Since we will be using values in `road_edges` to construct our graph, we need to merge `speed_gdf` into `road_edges`. You can join on the `type` column, which both of these dataframes share.

In [59]:
%time road_edges = road_edges.merge(speed_gdf, on='type')

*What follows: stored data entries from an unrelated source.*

definition F_grp :: "('o,'m) tcat \<Rightarrow> ('o set \<Rightarrow>\<^sub>0 int) monoid" where
  "F_grp C = free_Abelian_group (isoclass C ` ob C)"

definition chi :: "nat \<Rightarrow> ('o,'m) tcat \<Rightarrow> ('o,'m) nseq \<Rightarrow> ('o set \<Rightarrow>\<^sub>0 int)" where
  "chi n C S = (\<Sum>i=1..n. frag_cmul ((-1) ^ (i+1)) (frag_of (isoclass C (fst S i))))"

definition R_gens :: "nat \<Rightarrow> ('o,'m) tcat \<Rightarrow> ('o,'m) nseq set \<Rightarrow> ('o set \<Rightarrow>\<^sub>0 int) set" where
  "R_gens n C N = chi n C ` N \<union> (if even n then {frag_of (isoclass C (zobj C))} else {})"

definition R_sub :: "nat \<Rightarrow> ('o,'m) tcat \<Rightarrow> ('o,'m) nseq set \<Rightarrow> ('o set \<Rightarrow>\<^sub>0 int) set" where
  "R_sub n C N = generate (F_grp C) (R_gens n C N)"

definition K0 :: "nat \<Rightarrow> ('o,'m) tcat \<Rightarrow> ('o,'m) nseq set \<Rightarrow> ('o set \<Rightarrow>\<^sub>0 int) set monoid" where
  "K0 n C N = F_grp C Mod R_sub n C N"

definition K0_class :: "nat \<Rightarrow> ('o,'m) tcat \<Rightarrow> ('o,'m) nseq set \<Rightarrow> 'o \<Rightarrow> ('o set \<Rightarrow>\<^sub>0 int) set" where
  "K0_class n C N A = R_sub n C N #>\<^bsub>F_grp C\<^esub> frag_of (isoclass C A)"

end

theory Submission
  imports Defs
begin

text \<open>Tensoring is associative, unital and commutative up to isomorphism, so it makes the
  set of isomorphism classes a commutative monoid M, and the free abelian group F(C) on
  that set is the monoid ring \<open>\<int>[M]\<close>, a commutative ring. For odd n the relation
  subgroup R(C) is generated by the Euler characteristics \<open>\<chi>(S)\<close> of n-angles S, and
  \<open>\<chi>(S)\<langle>B\<rangle> = \<chi>(S \<otimes> B)\<close> is again such a generator because \<open>- \<otimes> B\<close> preserves n-angles.
  Hence R(C) is an ideal and \<open>K\<^sub>0(C) = \<int>[M]/R(C)\<close> is a quotient ring.\<close>

definition frag_conv :: "('a \<Rightarrow> 'a \<Rightarrow> 'a) \<Rightarrow> ('a \<Rightarrow>\<^sub>0 int) \<Rightarrow> ('a \<Rightarrow>\<^sub>0 int) \<Rightarrow> ('a \<Rightarrow>\<^sub>0 int)" where
  "frag_conv op x y = frag_extend (\<lambda>u. frag_extend (\<lambda>v. frag_of (op u v)) y) x"

lemma frag_conv_of_left: "frag_conv op (frag_of u) y = frag_extend (\<lambda>v. frag_of (op u v)) y"
  by (simp add: frag_conv_def)

lemma frag_conv_of_right: "frag_conv op x (frag_of v) = frag_extend (\<lambda>u. frag_of (op u v)) x"
  by (simp add: frag_conv_def)

lemma frag_conv_0_left [simp]: "frag_conv op 0 y = 0"
  by (simp add: frag_conv_def)

lemma frag_conv_0_right [simp]: "frag_conv op x 0 = 0"
  by (simp add: frag_conv_def frag_extend_eq_0)

lemma frag_conv_add_left: "frag_conv op (a + b) y = frag_conv op a y + frag_conv op b y"
  by (simp add: frag_conv_def frag_extend_add)

lemma frag_conv_diff_left: "frag_conv op (a - b) y = frag_conv op a y - frag_conv op b y"
  by (simp add: frag_conv_def frag_extend_diff)

lemma frag_conv_minus_left: "frag_conv op (- a) y = - frag_conv op a y"
  by (simp add: frag_conv_def frag_extend_minus)

lemma frag_conv_diff_right: "frag_conv op x (a - b) = frag_conv op x a - frag_conv op x b"
  using subset_UNIV
  by (induction x rule: frag_induction)
     (simp_all add: frag_conv_of_left frag_extend_diff frag_conv_diff_left algebra_simps)

definition monoid_ring :: "('a, 'b) monoid_scheme \<Rightarrow> ('a \<Rightarrow>\<^sub>0 int) ring" where
  "monoid_ring M = \<lparr>carrier = {c. Poly_Mapping.keys c \<subseteq> carrier M},
     monoid.mult = frag_conv (\<otimes>\<^bsub>M\<^esub>), one = frag_of \<one>\<^bsub>M\<^esub>, ring.zero = 0, ring.add = (+)\<rparr>"

lemma add_monoid_monoid_ring: "add_monoid (monoid_ring M) = free_Abelian_group (carrier M)"
  by (simp add: monoid_ring_def free_Abelian_group_def)

context comm_monoid
begin

lemma keys_frag_conv:
  assumes "Poly_Mapping.keys x \<subseteq> carrier G" "Poly_Mapping.keys y \<subseteq> carrier G"
  shows "Poly_Mapping.keys (frag_conv (\<otimes>) x y) \<subseteq> carrier G"
proof -
  have "Poly_Mapping.keys (frag_extend (\<lambda>v. frag_of (u \<otimes> v)) y) \<subseteq> carrier G"
    if "u \<in> carrier G" for u
    using keys_frag_extend[of "\<lambda>v. frag_of (u \<otimes> v)" y] assms(2) that
    by (auto simp: keys_frag_of)
  then show ?thesis
    unfolding frag_conv_def
    using keys_frag_extend[of "\<lambda>u. frag_extend (\<lambda>v. frag_of (u \<otimes> v)) y" x] assms(1)
    by blast
qed

lemma frag_conv_commute:
  assumes "Poly_Mapping.keys x \<subseteq> carrier G" "Poly_Mapping.keys y \<subseteq> carrier G"
  shows "frag_conv (\<otimes>) x y = frag_conv (\<otimes>) y x"
  using assms(1)
proof (induction x rule: frag_induction)
  case (one u)
  show ?case
    unfolding frag_conv_of_left frag_conv_of_right
    by (rule frag_extend_eq) (use one assms(2) m_comm in auto)
qed (simp_all add: frag_conv_diff_left frag_conv_diff_right)

lemma frag_conv_assoc:
  assumes "Poly_Mapping.keys x \<subseteq> carrier G" "Poly_Mapping.keys y \<subseteq> carrier G"
    and "Poly_Mapping.keys z \<subseteq> carrier G"
  shows "frag_conv (\<otimes>) (frag_conv (\<otimes>) x y) z = frag_conv (\<otimes>) x (frag_conv (\<otimes>) y z)"
  using assms(1)
proof (induction x rule: frag_induction)
  case (one u)
  show ?case
    using assms(2)
  proof (induction y rule: frag_induction)
    case (one v)
    have "frag_conv (\<otimes>) (frag_of (u \<otimes> v)) z = frag_extend ((\<lambda>w. frag_of (u \<otimes> w)) \<circ> (\<otimes>) v) z"
      unfolding frag_conv_of_left
      by (rule frag_extend_eq) (use \<open>u \<in> carrier G\<close> one assms(3) m_assoc in auto)
    also have "\<dots> = frag_extend (\<lambda>w. frag_of (u \<otimes> w)) (frag_extend (frag_of \<circ> (\<otimes>) v) z)"
      by (rule frag_extend_compose[symmetric])
    also have "\<dots> = frag_conv (\<otimes>) (frag_of u) (frag_conv (\<otimes>) (frag_of v) z)"
      by (simp add: frag_conv_of_left comp_def)
    finally show ?case
      by (simp add: frag_conv_of_left)
  qed (simp_all add: frag_conv_diff_left frag_conv_diff_right)
qed (simp_all add: frag_conv_diff_left)

lemma frag_conv_one_left:
  assumes "Poly_Mapping.keys x \<subseteq> carrier G"
  shows "frag_conv (\<otimes>) (frag_of \<one>) x = x"
  using assms
  by (induction x rule: frag_induction) (simp_all add: frag_conv_of_left frag_extend_diff)

lemma cring_monoid_ring: "cring (monoid_ring G)"
proof (rule cringI)
  show "abelian_group (monoid_ring G)"
    using abelian_free_Abelian_group[of "carrier G"]
    by (intro comm_group_abelian_groupI) (simp add: monoid_ring_def free_Abelian_group_def)
  show "comm_monoid (monoid_ring G)"
    by (rule comm_monoidI)
       (auto simp: monoid_ring_def keys_frag_of keys_frag_conv frag_conv_assoc frag_conv_one_left
             intro: frag_conv_commute)
  show "(x \<oplus>\<^bsub>monoid_ring G\<^esub> y) \<otimes>\<^bsub>monoid_ring G\<^esub> z
      = x \<otimes>\<^bsub>monoid_ring G\<^esub> z \<oplus>\<^bsub>monoid_ring G\<^esub> y \<otimes>\<^bsub>monoid_ring G\<^esub> z" for x y z
    by (simp add: monoid_ring_def frag_conv_add_left)
qed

CPU times: user 180 ms, sys: 196 ms, total: 376 ms
Wall time: 376 ms


#### Solution

In [56]:
# %load solutions/merge_speed_gdf
road_edges = road_edges.merge(speed_gdf, on='type')
road_edges.dtypes


### Step 2: Add Length in Seconds Column

You now need to calculate the number of seconds it will take to traverse a given road at the speed limit. This can be done by dividing a road's length in m by its speed limit in m/s. Perform this calculation on `road_edges` and store the results in a new column `length_s`.

In [61]:
road_edges['length_s'] = road_edges['length'] / road_edges['limit_m/s']
road_edges.head()

Unnamed: 0,src_id,dst_id,length,type,form,graph_src,graph_dst,limit_mph,limit_m/s,length_s
0,id002F39E2-6647-4BEF-BB9E-D96456E54696,idC04BE207-03A6-40E6-8C05-0E645B4AA50B,47,Local Road,Single Carriageway,2254,2311469,30,13.411167,3.504542
1,id002F541E-911C-4790-A40A-A0E2928947F3,id432C170D-E65B-48DF-AF5E-16FF3764697D,247,Minor Road,Single Carriageway,2257,807013,30,13.411167,18.417488
2,id002F55C3-C66D-483E-83C2-38A9A0292281,id514D101B-DDE8-4448-A30C-91A6BC477C63,125,Local Road,Single Carriageway,2258,977111,30,13.411167,9.320591
3,id002F55C3-C66D-483E-83C2-38A9A0292281,idF80E27D9-D6A7-4492-A447-4CE2ACD59DAD,33,Local Road,Single Carriageway,2258,2982287,30,13.411167,2.460636
4,id002F594C-D9D0-490F-A9DD-E432F862F84E,id77861574-440D-494C-8C3C-4E63B353C641,21,Local Road,Single Carriageway,2259,1437088,30,13.411167,1.565859


#### Solution

In [62]:
# %load solutions/length_in_seconds
road_edges['length_s'] = road_edges['length'] / road_edges['limit_m/s']
road_edges['length_s'].head()


### Step 3: Construct a Prep Dataframe

Make a new dataframe called `exercise_graph`, add to it three columns: `src`, `dst`, and `length_s`, all which you can obtain from `road_edges`.

In [67]:
exercise_graph = cudf.DataFrame()
exercise_graph['src'] = road_edges['graph_src']
exercise_graph['dst'] = road_edges['graph_dst']
exercise_graph['length_s'] = road_edges['length_s']

#### Solution

In [64]:
# %load solutions/prep_dataframe
exercise_graph = cudf.DataFrame()

exercise_graph['src'] = road_edges['graph_src']
exercise_graph['dst'] = road_edges['graph_dst']
exercise_graph['length_s'] = road_edges['length_s']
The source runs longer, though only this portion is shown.